Die Sopranos-Stars Michael Imperioli und Steve Schirripa im Interview: “Ich hoffe nur, dass sie Tony nicht vor seiner Familie getötet haben”

James Gandolfini fühlte sich endlich frei von Tony Soprano. Als Gangster aus New Jersey mit gerunzelter Stirn, Blut an den Händen und existentieller Langeweile in seinem Bauch hatte er das Fernsehen verändert. Die Sopranistinnen war ein Moloch über eine kriminelle Familie in der Krise, deren Star dauerhaft in der Überlieferung der Popkultur verankert ist.

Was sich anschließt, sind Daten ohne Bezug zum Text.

(* Fix $L\in\mathbb Z$ and work on $Y_L=\mathbb R\times(0,2^L]\times\mathbb R$ with the objects described in the context. The function $\mathcal C(A)=\mathcal M(\mathcal N(\mathcal Q(A)))$, $A\subseteq Y_L$, with $\mathcal E=\mathcal D_L$, is a $\mu$-covering function with parameter $\Phi$ for every $\Phi\ge2$.
   Context: Dyadic intervals $I(m,l)=(2^lm,2^l(m+1)]$; tiles $H(m,l,n)=I(m,l)\times(2^{l-1},2^l]\times I(n,-l)$. $\mathcal D_L$ = strips $D(m,l)=I(m,l)\times(0,2^l]\times\mathbb R$ with $l\le L$, $\sigma(D(m,l))=2^l$. $\mathcal T_L$ = trees $T(m,l,n)=\bigcup_{l'\le l}\bigcup_{m':\,I(m',l')\subseteq I(m,l)}H(m',l',N(n,l'))$ with $l\le L$ ($N(n,l')$ the integer with $I(n,-l)\subseteq I(N(n,l'),-l')$), $\tau(T(m,l,n))=2^l$. Outer measures on $Y_L$: $\mu(A)=\inf\{\sum_{S\in\mathcal S'}\sigma(S):\mathcal S'\subseteq\mathcal D_L,A\subseteq\bigcup\mathcal S'\}$, $\nu$ likewise from $(\mathcal T_L,\tau)$. $\pi$ = projection onto first coordinate, $|\cdot|$ Lebesgue measure. For $E\in\mathcal D_L$, $E_+=\{(x,s,\xi)\in E:s>\sigma(E)/2\}$. $\mathcal Q(A)=\{E\in\mathcal D_L:E_+\cap A\ne\varnothing\}$. For $\mathcal D_1\subseteq\mathcal D_L$: $\mathcal N(\mathcal D_1)=\{E\in\mathcal D_L:|\pi(E)\cap\pi(\bigcup\mathcal D_1)|\ge|\pi(E)|/2\}$, and $\mathcal M(\mathcal D_1)$ is the subcollection of elements of $\mathcal D_1$ maximal with respect to inclusion. A $\mu$-covering function with parameter $\Phi$: a map $\mathcal C$ assigning to each $A$ a subcollection of pairwise disjoint elements of $\mathcal E$ such that $\mathbf B_{\mathcal C}(A)=\bigcup_{E\in\mathcal C(A)}E$ satisfies $A\subseteq\mathbf B_{\mathcal C}(A)$, $\mu(\mathbf B_{\mathcal C}(A))\le\Phi\mu(A)$, and $A_1\subseteq A_2\Rightarrow\mathbf B_{\mathcal C}(A_1)\subseteq\mathbf B_{\mathcal C}(A_2)$. *)

theory Defs
  imports "HOL-Analysis.Analysis"
begin

text \<open>Points (x, s, xi) of the upper half space.\<close>
type_synonym point = "real \<times> real \<times> real"

definition dyadic_interval :: "int \<Rightarrow> int \<Rightarrow> real set" where
  "dyadic_interval m l =
     {2 powr of_int l * of_int m <.. 2 powr of_int l * (of_int m + 1)}"

definition strip :: "int \<Rightarrow> int \<Rightarrow> point set" where
  "strip m l = dyadic_interval m l \<times> {0<..2 powr of_int l} \<times> (UNIV :: real set)"

definition strips :: "int \<Rightarrow> point set set" where
  "strips L = {strip m l | m l. l \<le> L}"

definition sigma :: "point set \<Rightarrow> real" where
  "sigma E = (THE s. \<exists>m l. E = strip m l \<and> s = 2 powr of_int l)"

definition Y :: "int \<Rightarrow> point set" where
  "Y L = (UNIV :: real set) \<times> {0<..2 powr of_int L} \<times> (UNIV :: real set)"

definition sum_sigma :: "point set set \<Rightarrow> ennreal" where
  "sum_sigma S = (SUP F\<in>{F. finite F \<and> F \<subseteq> S}. \<Sum>E\<in>F. ennreal (sigma E))"

definition mu :: "int \<Rightarrow> point set \<Rightarrow> ennreal" where
  "mu L A = (INF S\<in>{S. S \<subseteq> strips L \<and> A \<subseteq> \<Union>S}. sum_sigma S)"

definition upper_half :: "point set \<Rightarrow> point set" where
  "upper_half E = {p \<in> E. fst (snd p) > sigma E / 2}"

definition Qcal :: "int \<Rightarrow> point set \<Rightarrow> point set set" where
  "Qcal L A = {E \<in> strips L. upper_half E \<inter> A \<noteq> {}}"

definition Ncal :: "int \<Rightarrow> point set set \<Rightarrow> point set set" where
  "Ncal L D1 = {E \<in> strips L.
      emeasure lborel (fst ` E \<inter> fst ` (\<Union>D1)) \<ge> emeasure lborel (fst ` E) / 2}"

definition Mcal :: "point set set \<Rightarrow> point set set" where
  "Mcal D1 = {E \<in> D1. \<not> (\<exists>E'\<in>D1. E \<subset> E')}"

definition covering_function :: "int \<Rightarrow> (point set \<Rightarrow> point set set) \<Rightarrow> real \<Rightarrow> bool" where
  "covering_function L C \<Phi> \<longleftrightarrow>
     (\<forall>A. A \<subseteq> Y L \<longrightarrow>
        C A \<subseteq> strips L \<and> pairwise disjnt (C A) \<and> A \<subseteq> \<Union>(C A) \<and>
        mu L (\<Union>(C A)) \<le> ennreal \<Phi> * mu L A) \<and>
     (\<forall>A1 A2. A1 \<subseteq> A2 \<longrightarrow> A2 \<subseteq> Y L \<longrightarrow> \<Union>(C A1) \<subseteq> \<Union>(C A2))"

end

theory Submission
  imports Defs
begin

(* Dyadic strips are nested or disjoint, and the projection of a strip E to the first
   coordinate is a dyadic interval of length sigma E.  Hence the maximal elements of a family
   of strips have pairwise disjoint projections and cover the same set as the whole family;
   together with the fact that every point of Y_L lies in the upper half of some strip and
   the monotonicity of Q and N this settles everything except the measure bound.

   For the measure bound let S be any cover of A by strips.  A strip of S meeting the upper
   half of a strip E of Q(A) has at least the level of E and therefore contains E, so
   pi(Union Q(A)) is contained in pi(Union S) and |pi(Union Q(A))| <= mu(A).  Every maximal
   strip of N(Q(A)) has at least half of its projection inside pi(Union Q(A)), and these
   projections are disjoint, so the sum of sigma over C(A) is at most 2 |pi(Union Q(A))|. *)

lemma ennreal_le_double_if_half_le:
  fixes x y :: ennreal
  assumes "x / 2 \<le> y"
  shows "x \<le> 2 * y"
proof -
  have "x = 2 * (x / 2)"
    by (simp add: ennreal_times_divide mult.commute[of 2] mult_divide_eq_ennreal)
  also have "\<dots> \<le> 2 * y"
    using assms by (rule mult_left_mono) simp
  finally show ?thesis .
qed

lemma emeasure_UN_le_SUP:
  assumes "countable I" and X: "\<And>i. i \<in> I \<Longrightarrow> X i \<in> sets M"
  shows "emeasure M (\<Union>i\<in>I. X i) \<le> (SUP F\<in>{F. finite F \<and> F \<subseteq> I}. \<Sum>i\<in>F. emeasure M (X i))"
proof (cases "I = {}")
  case False
  define f where "f = from_nat_into I"
  have "range f = I" unfolding f_def using range_from_nat_into[OF False \<open>countable I\<close>] .
  define Y where "Y n = (\<Union>i\<in>f ` {..<n}. X i)" for n
  have f_sub: "f ` {..<n} \<subseteq> I" for n using \<open>range f = I\<close> by blast
  have "(\<Union>i\<in>I. X i) = (\<Union>n. Y n)"
    unfolding Y_def using \<open>range f = I\<close> by auto
  also have "emeasure M \<dots> = (SUP n. emeasure M (Y n))"
    using f_sub X
    by (intro SUP_emeasure_incseq[symmetric] incseq_SucI) (auto simp: Y_def lessThan_Suc)
  also have "\<dots> \<le> (SUP F\<in>{F. finite F \<and> F \<subseteq> I}. \<Sum>i\<in>F. emeasure M (X i))"
  proof (rule SUP_least)
    fix n
    have "emeasure M (Y n) \<le> (\<Sum>i\<in>f ` {..<n}. emeasure M (X i))"
      unfolding Y_def using f_sub X by (intro emeasure_subadditive_finite) auto
    also have "\<dots> \<le> (SUP F\<in>{F. finite F \<and> F \<subseteq> I}. \<Sum>i\<in>F. emeasure M (X i))"
      using f_sub by (intro SUP_upper) auto
    finally show "emeasure M (Y n) \<le> \<dots>" .
  qed
  finally show ?thesis .
qed simp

Aber es hatte seinen Preis. „Er wurde ein bekannter Name, und es hat ihn beeinflusst“, sagt Steve Schirripa, auch bekannt als der loyale, Lasagne-liebende Fußsoldat der Show, Bobby Baccalieri. “Er hat sich nie wohl gefühlt, im Mittelpunkt der Aufmerksamkeit zu stehen.”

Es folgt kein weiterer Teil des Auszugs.